Suspense, montée en puissance et arguments pseudo-scientifiques, le public fut rapidement séduit par la finesse du scénario. Pourtant, la peinture que le réalisateur dresse des squales a durablement marqué les esprits, vidant pour un court instant les rivages furtivement désertés par des baigneurs effrayés, avant de mettre durablement en péril la vie de ces bêtes. A ce titre, des plages ont parfois été entourées de barrières, et certaines communautés se mirent à proposer des récompenses et de l’argent à qui ramènerait un cadavre de requin, ce qui conduisit des pêcheurs à les chercher sans relâche : «La pêche aux requins a commencé à faire fureur. Certains journaux estimaient que c’était un nouveau sport», décrit George Burgess, ichtyologiste et biologiste des pêches au Florida Museum of Natural History de l’Université de Floride, au Smithsonian.

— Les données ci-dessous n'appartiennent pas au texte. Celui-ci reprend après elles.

(* Let $H=F[1/t]\subseteq\mathbb{Q}[t,1/t]$. Then $H$ equals the set of all $f(t)\in\mathbb{Q}[t,1/t]$ such that $f(a)\in\mathbb{Z}[1/a]$ for every positive integer $a$.
   Context: $F\subseteq\mathbb{Q}[t]$ is the ring of numerical polynomials, i.e. polynomials $f(t)\in\mathbb{Q}[t]$ with $f(n)\in\mathbb{Z}$ for all integers $n\gg0$; it is free abelian with basis $\alpha_n=\binom tn$, $n\ge0$. $H=F[1/t]$ is the localization of $F$ at $t$, viewed as a subring of $\mathbb{Q}[t,1/t]$. *)

theory Defs
  imports "HOL-Computational_Algebra.Polynomial"
begin

definition numerical_poly :: "rat poly \<Rightarrow> bool" where
  "numerical_poly f \<longleftrightarrow> (\<exists>N::int. \<forall>n::int. n \<ge> N \<longrightarrow> poly f (of_int n) \<in> \<int>)"

text \<open>An element of Q[t,1/t] is represented as p(t)/t^k with p in Q[t], k in N.
  Two representatives (p,k), (q,m) are equal in Q[t,1/t] iff p * t^m = q * t^k.\<close>
definition laurent_eq :: "rat poly \<Rightarrow> nat \<Rightarrow> rat poly \<Rightarrow> nat \<Rightarrow> bool" where
  "laurent_eq p k q m \<longleftrightarrow> p * monom 1 m = q * monom 1 k"

definition in_H :: "rat poly \<Rightarrow> nat \<Rightarrow> bool" where
  "in_H p k \<longleftrightarrow> (\<exists>f m. numerical_poly f \<and> laurent_eq p k f m)"

definition laurent_eval :: "rat poly \<Rightarrow> nat \<Rightarrow> rat \<Rightarrow> rat" where
  "laurent_eval p k a = poly p a / a ^ k"

definition Z_inv :: "int \<Rightarrow> rat set" where
  "Z_inv a = {x. \<exists>(z::int) (n::nat). x = of_int z / of_int a ^ n}"

end

theory Submission
  imports Defs "HOL-Computational_Algebra.Primes"
begin

text \<open>
  If \<open>p(t)/t^k = f(t)/t^m\<close> with \<open>f\<close> numerical, then \<open>f(a)\<close> is an integer for every integer \<open>a\<close>
  (the forward difference lowers the degree, so integrality propagates from large arguments to
  all of them), whence \<open>p(a)/a^k = f(a)/a^m \<in> \<int>[1/a]\<close>.
  Conversely, let \<open>D\<close> be a common denominator of the coefficients of \<open>p\<close>. For \<open>a > 0\<close> the
  reduced denominator \<open>y\<close> of \<open>p(a)\<close> divides both \<open>D\<close> and a power of \<open>a\<close>; every prime factor of
  \<open>y\<close> then divides \<open>a\<close>, so \<open>y\<close> divides \<open>a^y\<close> and hence \<open>a^D\<close>. Thus \<open>t^D p(t)\<close> is integer valued
  at all positive integers, and \<open>p(t)/t^k = t^D p(t) / t^(k+D)\<close> lies in \<open>H\<close>.
\<close>

definition forward_diff :: "'a::comm_ring_1 poly \<Rightarrow> 'a poly" where
  "forward_diff f = pcompose f [:1, 1:] - f"

lemma poly_forward_diff: "poly (forward_diff f) x = poly f (x + 1) - poly f x"
  unfolding forward_diff_def by (simp add: poly_pcompose algebra_simps)

lemma degree_forward_diff_less:
  fixes f :: "'a::idom poly"
  assumes "degree f > 0"
  shows "degree (forward_diff f) < degree f"
proof -
  let ?g = "pcompose f [:1, 1:]"
  have deg: "degree ?g = degree f"
    by (simp add: degree_pcompose)
  have "coeff ?g (degree f) = lead_coeff f"
    using lead_coeff_comp[of "[:1, 1:]" f] deg by simp
  then have "coeff (forward_diff f) (degree f) = 0"
    by (simp add: forward_diff_def)
  moreover have "degree (forward_diff f) \<le> degree f"
    unfolding forward_diff_def using deg by (intro degree_diff_le) simp_all
  ultimately show ?thesis
    using assms by (metis leading_coeff_0_iff degree_0 le_neq_implies_less not_gr_zero)
qed

lemma poly_in_Ints_if_eventually_in_Ints:
  fixes f :: "'a::{idom, ring_char_0} poly"
  assumes "\<And>n::int. n \<ge> N \<Longrightarrow> poly f (of_int n) \<in> \<int>"
  shows "poly f (of_int n) \<in> \<int>"
  using assms
proof (induction "degree f" arbitrary: f n rule: less_induct)
  case less
  show ?case
  proof (cases "degree f = 0")
    case True
    then obtain c where "f = [:c:]"
      by (metis degree_eq_zeroE)
    then show ?thesis
      using less.prems[of N] by simp
  next
    case False
    have diff_Ints: "poly (forward_diff f) (of_int n) \<in> \<int>" for n :: int
    proof (rule less.hyps)
      show "degree (forward_diff f) < degree f"
        using False by (simp add: degree_forward_diff_less)
    next
      fix n :: int
      assume "n \<ge> N"
      then have "poly f (of_int (n + 1)) \<in> \<int>" "poly f (of_int n) \<in> \<int>"
        using less.prems[of "n + 1"] less.prems[of n] by simp_all
      then show "poly (forward_diff f) (of_int n) \<in> \<int>"
        by (metis poly_forward_diff Ints_diff of_int_add of_int_1)
    qed
    have "poly f (of_int (N - int j)) \<in> \<int>" for j :: nat
    proof (induction j)
      case 0
      then show ?case
        using less.prems by simp
    next
      case (Suc j)
      let ?x = "of_int (N - int (Suc j)) :: 'a"
      have "poly f ?x = poly f (of_int (N - int j)) - poly (forward_diff f) ?x"
        by (simp add: poly_forward_diff algebra_simps)
      then show ?case
        using Suc diff_Ints by (metis Ints_diff)
    qed
    moreover have "n \<ge> N \<or> n = N - int (nat (N - n))"
      by auto
    ultimately show ?thesis
      using less.prems by metis
  qed
qed

lemma mult_in_Ints_iff_denom_dvd:
  assumes "quotient_of r = (x, y)"
  shows "of_int c * r \<in> \<int> \<longleftrightarrow> y dvd c"
proof
  have r: "r = of_int x / of_int y" and y: "y > 0" and cop: "coprime x y"
    using assms quotient_of_div quotient_of_denom_pos quotient_of_coprime by blast+
  {
    assume "of_int c * r \<in> \<int>"
    then obtain w where "of_int c * r = of_int w"
      by (elim Ints_cases)
    then have "c * x = w * y"
      using r y by (simp add: field_simps flip: of_int_mult of_int_eq_iff)
    then show "y dvd c"
      using cop by (metis coprime_commute coprime_dvd_mult_left_iff dvd_triv_right)
  next
    assume "y dvd c"
    then obtain u where "c = y * u" ..
    then have "of_int c * r = of_int (u * x)"
      using r y by simp
    then show "of_int c * r \<in> \<int>"
      by simp
  }
qed

lemma poly_common_denominator:
  fixes p :: "rat poly"
  obtains D :: int where "D > 0" "\<And>a::int. of_int D * poly p (of_int a) \<in> \<int>"
proof
  let ?den = "\<lambda>i. snd (quotient_of (coeff p i))"
  define D where "D = (\<Prod>i\<le>degree p. ?den i)"
  show "D > 0"
    unfolding D_def by (intro prod_pos) (metis prod.collapse quotient_of_denom_pos)
  have coeff_Ints: "of_int D * coeff p i \<in> \<int>" if "i \<le> degree p" for i
  proof -
    have "?den i dvd D"
      unfolding D_def using that by (intro dvd_prodI) auto
    then show ?thesis
      by (metis mult_in_Ints_iff_denom_dvd prod.collapse)
  qed
  fix a :: int
  have "of_int D * poly p (of_int a) = (\<Sum>i\<le>degree p. (of_int D * coeff p i) * of_int a ^ i)"
    by (simp add: poly_altdef sum_distrib_left algebra_simps)
  also have "\<dots> \<in> \<int>"
    by (auto intro!: Ints_sum Ints_mult coeff_Ints)
  finally show "of_int D * poly p (of_int a) \<in> \<int>" .
qed

text \<open>
  A positive \<open>y\<close> dividing a power of \<open>a\<close> divides \<open>a^y\<close>: the number of prime factors of \<open>y\<close>,
  each of which divides \<open>a\<close>, is less than \<open>y\<close>.
\<close>
lemma dvd_power_self_if_dvd_power:
  fixes a y :: int
  assumes "y > 0" "y dvd a ^ n"
  shows "y dvd a ^ nat y"
  using assms
proof (induction "nat y" arbitrary: y rule: less_induct)
  case less
  show ?case
  proof (cases "y = 1")
    case True
    then show ?thesis by simp
  next
    case False
    then obtain q where q: "q dvd y" "prime q"
      using prime_divisor_exists[of y] less.prems(1) by auto
    then have "q dvd a"
      using less.prems(2) prime_dvd_power dvd_trans by blast
    obtain y' where y': "y = q * y'"
      using q(1) ..
    have "q > 1"
      using q(2) prime_gt_1_int by blast
    then have y'_pos: "y' > 0" and "y' < y"
      using less.prems(1) y' by (auto simp: zero_less_mult_iff)
    then have "nat y' < nat y"
      by simp
    moreover have "y' dvd a ^ n"
      using less.prems(2) y' by (metis dvd_mult_right)
    ultimately have "y' dvd a ^ nat y'"
      using less.hyps y'_pos by blast
    then have "y dvd a ^ Suc (nat y')"
      using y' \<open>q dvd a\<close> by (simp add: mult_dvd_mono)
    also have "\<dots> dvd a ^ nat y"
      using \<open>nat y' < nat y\<close> by (intro le_imp_power_dvd) (simp add: Suc_le_eq)
    finally show ?thesis .
  qed
qed

lemma power_mult_in_Ints_if_mult_in_Ints:
  fixes r :: rat and a D :: int
  assumes "D > 0" "of_int D * r \<in> \<int>" "of_int a ^ n * r \<in> \<int>"
  shows "of_int a ^ nat D * r \<in> \<int>"
proof -
  obtain x y where xy: "quotient_of r = (x, y)"
    by (cases "quotient_of r")
  have "y dvd D" "y dvd a ^ n"
    using assms(2,3) mult_in_Ints_iff_denom_dvd[OF xy] by (simp_all flip: of_int_power)
  moreover have "y > 0"
    using xy by (rule quotient_of_denom_pos)
  ultimately have "y dvd a ^ nat y" "nat y \<le> nat D"
    using dvd_power_self_if_dvd_power zdvd_imp_le assms(1) by (auto simp: nat_mono)
  then have "y dvd a ^ nat D"
    by (meson dvd_trans le_imp_power_dvd)
  then show ?thesis
    using mult_in_Ints_iff_denom_dvd[OF xy] by (simp flip: of_int_power)
qed

lemma laurent_eval_in_Z_inv_if_in_H:
  assumes "in_H p k" "a > 0"
  shows "laurent_eval p k (of_int a) \<in> Z_inv a"
proof -
  obtain f m where "numerical_poly f" and eq: "p * monom 1 m = f * monom 1 k"
    using assms(1) unfolding in_H_def laurent_eq_def by blast
  then obtain z where z: "poly f (of_int a) = of_int z"
    unfolding numerical_poly_def by (metis poly_in_Ints_if_eventually_in_Ints Ints_cases)
  have "poly p (of_int a) * of_int a ^ m = of_int z * (of_int a :: rat) ^ k"
    using arg_cong[OF eq, of "\<lambda>q. poly q (of_int a)"] z by (simp add: poly_monom)
  then have "laurent_eval p k (of_int a) = of_int z / of_int a ^ m"
    unfolding laurent_eval_def using assms(2) by (simp add: field_simps)
  then show ?thesis
    unfolding Z_inv_def by blast
qed

lemma in_H_if_laurent_eval_in_Z_inv:
  assumes "\<And>a::int. a > 0 \<Longrightarrow> laurent_eval p k (of_int a) \<in> Z_inv a"
  shows "in_H p k"
proof -
  obtain D :: int where "D > 0" and D: "\<And>a::int. of_int D * poly p (of_int a) \<in> \<int>"
    using poly_common_denominator by blast
  define M where "M = nat D"
  have "poly (p * monom 1 M) (of_int a) \<in> \<int>" if "a \<ge> 1" for a :: int
  proof -
    obtain z n where "poly p (of_int a) / of_int a ^ k = of_int z / of_int a ^ n"
      using assms[of a] \<open>a \<ge> 1\<close> unfolding laurent_eval_def Z_inv_def by auto
    then have "of_int a ^ n * poly p (of_int a) = of_int (z * a ^ k)"
      using \<open>a \<ge> 1\<close> by (simp add: field_simps)
    then have "of_int a ^ M * poly p (of_int a) \<in> \<int>"
      unfolding M_def using \<open>D > 0\<close> D by (metis Ints_of_int power_mult_in_Ints_if_mult_in_Ints)
    then show ?thesis
      by (simp add: poly_monom mult.commute)
  qed
  then have "numerical_poly (p * monom 1 M)"
    unfolding numerical_poly_def by blast
  moreover have "laurent_eq p k (p * monom 1 M) (k + M)"
    unfolding laurent_eq_def by (simp add: mult_monom mult.assoc add.commute)
  ultimately show ?thesis
    unfolding in_H_def by blast
qed

theorem lemma1p2:
  fixes p :: "rat poly" and k :: nat
  shows "in_H p k \<longleftrightarrow> (\<forall>a::int. a > 0 \<longrightarrow> laurent_eval p k (of_int a) \<in> Z_inv a)"
  using laurent_eval_in_Z_inv_if_in_H in_H_if_laurent_eval_in_Z_inv by blast

end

Et si le roman de Benchley était inspiré d’une affaire qui avait défrayé la chronique dans le New Jersey en 1916, 25 ans après la parution du film, l’auteur confiait déjà regretter d’avoir écrit ce roman, déplorant la menace de disparition qui pèse sur plusieurs espèces de requins. Selon un rapport publié en 2019 par l’Union internationale pour la conservation de la nature (UICN), 11 espèces de requins et de raies sont menacées d’extinction.